Però si è sbalzati, ma non strappati, da questi legami al passato, che non viene dimenticato, anzi, si intreccia e permea, seppur come spinta e stimolo al procedere, in un futuro altamente significativo, quando ci si trova di fronte al monumentale edificio della Corte Suprema, opera dei due architetti, Ram Carmi e Ada Carmi Melamed. Sin dalla prima soglia, entriamo in un corridoio in cui sono affrontate due pareti, l’una di pietra bianca di Gerusalemme, simbolo del passato, l’altra, di un bianco smagliante, simbolo di un futuro ancora da realizzare. Ma anche l’alternarsi continuo, armonioso e sapiente di linee curve che si intersecano a linee rette, è una allegoria su come le leggi devono essere rette e i giudizi adeguati e attenti alle circostanze dei fatti, e l’abbagliante luce, che allude alla rettitudine e all’ampiezza di visione di chi giudica, che entra da splendide vetrate, da cui si ha una visione a 360 gradi del verde, folto e ricco, del parco, prodigiosamente tutto nato grazie all’irrigazione a goccia, su terreno desertico, con un intero settore fiorito di rose provenienti da tutto il mondo.

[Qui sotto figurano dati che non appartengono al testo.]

(* Let $n\geqslant 3$, let $D=\{x,y,e_2,\ldots,e_{n-1}\}$ and let $V$ be the set of monoid relations on $D$: (V1) $e_i^2=e_i$ for $2\leqslant i\leqslant n-1$; (V2) $xyx=x$ and $yxy=y$; (V3) $yx^2y=xy^2x$; (V4) $e_ie_j=e_je_i$ for $2\leqslant i<j\leqslant n-1$; (V5) $xye_i=e_ixy$ and $yxe_i=e_iyx$ for $2\leqslant i\leqslant n-1$; (V6) $xe_{i+1}=e_ix$ for $2\leqslant i\leqslant n-2$; (V7) $x^2y=e_{n-1}x$ and $yx^2=xe_2$; (V8) $yxe_2\cdots e_{n-1}xy=xe_2\cdots e_{n-1}xy$. Then $\langle D\mid V\rangle$ is a monoid presentation of $\mathcal{OCI}_n$ (with respect to the map sending each letter to the transformation of the same name). It has $n$ generators and $\frac12(n^2+3n)$ relations.
   Context: Let $\Omega_n=\{1<\cdots<n\}$, $\mathcal{I}_n$ the symmetric inverse monoid on $\Omega_n$ (maps on the right, composed left to right). $g$ is the permutation $ig=i+1$ ($1\leqslant i\leqslant n-1$), $ng=1$; $\mathcal{C}_n=\{1,g,\ldots,g^{n-1}\}$; $\mathcal{CI}_n=\{\alpha\in\mathcal{I}_n\mid \alpha=\sigma|_{\mathrm{Dom}(\alpha)}\text{ for some }\sigma\in\mathcal{C}_n\}$; $\mathcal{OCI}_n$ is the submonoid of order-preserving elements of $\mathcal{CI}_n$. $e_i$ is the partial identity on $\Omega_n\setminus\{i\}$; $x$ has domain $\{1,\ldots,n-1\}$ with $ix=i+1$; $y=x^{-1}$ has domain $\{2,\ldots,n\}$ with $iy=i-1$. A presentation $\langle D\mid V\rangle$ defines $M$ via an injective map $D\to M$ whose image generates $M$ if the kernel of the induced homomorphism $D^*\to M$ is the smallest congruence on $D^*$ containing $V$. *)

theory Defs
  imports Main
begin

type_synonym pmap = "nat \<Rightarrow> nat option"

text \<open>Product composed left to right: i (\<alpha>\<beta>) = (i\<alpha>)\<beta>.\<close>
definition pcomp :: "pmap \<Rightarrow> pmap \<Rightarrow> pmap" where
  "pcomp \<alpha> \<beta> = (\<lambda>i. case \<alpha> i of None \<Rightarrow> None | Some j \<Rightarrow> \<beta> j)"

definition pid :: "nat \<Rightarrow> pmap" where
  "pid n = (\<lambda>i. if 1 \<le> i \<and> i \<le> n then Some i else None)"

definition sym_inv :: "nat \<Rightarrow> pmap set" where
  "sym_inv n = {\<alpha>. dom \<alpha> \<subseteq> {1..n} \<and> ran \<alpha> \<subseteq> {1..n} \<and> inj_on \<alpha> (dom \<alpha>)}"

text \<open>The permutation g^k of \<Omega>_n, where i g = i+1 (i<n), n g = 1.\<close>
definition gpow :: "nat \<Rightarrow> nat \<Rightarrow> nat \<Rightarrow> nat" where
  "gpow n k i = ((i - 1 + k) mod n) + 1"

definition CI :: "nat \<Rightarrow> pmap set" where
  "CI n = {\<alpha> \<in> sym_inv n. \<exists>k<n. \<forall>i\<in>dom \<alpha>. \<alpha> i = Some (gpow n k i)}"

definition order_preserving :: "pmap \<Rightarrow> bool" where
  "order_preserving \<alpha> \<longleftrightarrow> (\<forall>i\<in>dom \<alpha>. \<forall>j\<in>dom \<alpha>. i \<le> j \<longrightarrow> the (\<alpha> i) \<le> the (\<alpha> j))"

definition OCI :: "nat \<Rightarrow> pmap set" where
  "OCI n = {\<alpha> \<in> CI n. order_preserving \<alpha>}"

datatype gen = X | Y | E nat

definition gen_map :: "nat \<Rightarrow> gen \<Rightarrow> pmap" where
  "gen_map n a = (case a of
      X \<Rightarrow> (\<lambda>i. if 1 \<le> i \<and> i \<le> n - 1 then Some (i + 1) else None)
    | Y \<Rightarrow> (\<lambda>i. if 2 \<le> i \<and> i \<le> n then Some (i - 1) else None)
    | E k \<Rightarrow> (\<lambda>i. if 1 \<le> i \<and> i \<le> n \<and> i \<noteq> k then Some i else None))"

definition word_eval :: "('m \<Rightarrow> 'm \<Rightarrow> 'm) \<Rightarrow> 'm \<Rightarrow> ('d \<Rightarrow> 'm) \<Rightarrow> 'd list \<Rightarrow> 'm" where
  "word_eval mult one f w = foldr (\<lambda>a r. mult (f a) r) w one"

inductive_set gen_cong :: "'d set \<Rightarrow> ('d list \<times> 'd list) set \<Rightarrow> ('d list \<times> 'd list) set"
  for D V where
  base: "(u, v) \<in> V \<Longrightarrow> (u, v) \<in> gen_cong D V"
| refl: "u \<in> lists D \<Longrightarrow> (u, u) \<in> gen_cong D V"
| sym: "(u, v) \<in> gen_cong D V \<Longrightarrow> (v, u) \<in> gen_cong D V"
| trans: "(u, v) \<in> gen_cong D V \<Longrightarrow> (v, w) \<in> gen_cong D V \<Longrightarrow> (u, w) \<in> gen_cong D V"
| ctxt: "(u, v) \<in> gen_cong D V \<Longrightarrow> a \<in> lists D \<Longrightarrow> b \<in> lists D \<Longrightarrow>
         (a @ u @ b, a @ v @ b) \<in> gen_cong D V"

definition monoid_presentation ::
  "'d set \<Rightarrow> ('d list \<times> 'd list) set \<Rightarrow> ('d \<Rightarrow> 'm) \<Rightarrow> ('m \<Rightarrow> 'm \<Rightarrow> 'm) \<Rightarrow> 'm \<Rightarrow> 'm set \<Rightarrow> bool"
where
  "monoid_presentation D V f mult one M \<longleftrightarrow>
     V \<subseteq> lists D \<times> lists D \<and>
     inj_on f D \<and> f ` D \<subseteq> M \<and>
     word_eval mult one f ` lists D = M \<and>
     (\<forall>u\<in>lists D. \<forall>v\<in>lists D.
        word_eval mult one f u = word_eval mult one f v \<longleftrightarrow> (u, v) \<in> gen_cong D V)"

definition Dgens :: "nat \<Rightarrow> gen set" where
  "Dgens n = {X, Y} \<union> E ` {2..n-1}"

definition Vrels :: "nat \<Rightarrow> (gen list \<times> gen list) set" where
  "Vrels n =
     {([E i, E i], [E i]) | i. 2 \<le> i \<and> i \<le> n - 1}
   \<union> {([X, Y, X], [X]), ([Y, X, Y], [Y])}
   \<union> {([Y, X, X, Y], [X, Y, Y, X])}
   \<union> {([E i, E j], [E j, E i]) | i j. 2 \<le> i \<and> i < j \<and> j \<le> n - 1}
   \<union> {([X, Y, E i], [E i, X, Y]) | i. 2 \<le> i \<and> i \<le> n - 1}
   \<union> {([Y, X, E i], [E i, Y, X]) | i. 2 \<le> i \<and> i \<le> n - 1}
   \<union> {([X, E (i + 1)], [E i, X]) | i. 2 \<le> i \<and> i \<le> n - 2}
   \<union> {([X, X, Y], [E (n - 1), X]), ([Y, X, X], [X, E 2])}
   \<union> {([Y, X] @ map E [2..<n] @ [X, Y], [X] @ map E [2..<n] @ [X, Y])}"

end

theory Submission
  imports Defs
begin

text \<open>
  The elements of \<open>\<O>\<C>\<I>\<^sub>n\<close> are exactly the partial translations \<open>i \<mapsto> i + d\<close> of \<open>\<Omega>\<^sub>n\<close>.
  Writing \<open>e\<^sub>1 = yx\<close> and \<open>e\<^sub>n = xy\<close> for the partial identities missing \<open>1\<close> and \<open>n\<close>, the
  relations make \<open>e\<^sub>1, \<dots>, e\<^sub>n\<close> commuting idempotents that move past \<open>x\<close> and \<open>y\<close> with
  shifted index, so every word equals \<open>e\<^sub>k\<^sub>1 \<cdots> e\<^sub>k\<^sub>m x\<^sup>d\<close> (where \<open>x\<^sup>d\<close> means \<open>y\<^sup>-\<^sup>d\<close>
  for \<open>d < 0\<close>), and only the set \<open>{k\<^sub>1, \<dots>, k\<^sub>m}\<close> matters. The idempotents whose index is
  moved out of \<open>\<Omega>\<^sub>n\<close> by \<open>x\<^sup>d\<close> are absorbed by it, and the product of all \<open>e\<^sub>i\<close> is a zero
  (this is where (V8) enters); hence this word depends only on the partial translation it
  represents, which gives completeness. Soundness is a check of each relation.
\<close>

lemma gen_cong_mono:
  assumes "D \<subseteq> D'" "(u, v) \<in> gen_cong D V"
  shows "(u, v) \<in> gen_cong D' V"
  using assms(2) by induction (use assms(1) in \<open>auto intro: gen_cong.intros\<close>)

lemma gen_cong_in_lists:
  assumes "V \<subseteq> lists D \<times> lists D" "(u, v) \<in> gen_cong D V"
  shows "u \<in> lists D \<and> v \<in> lists D"
  using assms(2) by induction (use assms(1) in auto)

lemma gen_cong_restrict:
  assumes V: "V \<subseteq> lists D \<times> lists D" and uv: "(u, v) \<in> gen_cong UNIV V"
    and "u \<in> lists D \<or> v \<in> lists D"
  shows "(u, v) \<in> gen_cong D V"
  using uv assms(3)
proof (induction rule: gen_cong.induct)
  case (trans u v w)
  then show ?case using gen_cong_in_lists[OF V] by (meson gen_cong.trans)
qed (auto intro: gen_cong.intros)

Il vasto ambiente di accesso alle aule delle varie Corti di giudizio risponde anch’esso a precisi criteri ispiratori di pensieri di accoglienza di chiunque faccia ricorso ai vari tribunali, anzi, le aule sono concepite come ambienti di strutture architettoniche tali da richiamare i rispettivi luoghi sacri delle tre religioni del Libro, per mettere a proprio agio ebrei, cristiani, musulmani.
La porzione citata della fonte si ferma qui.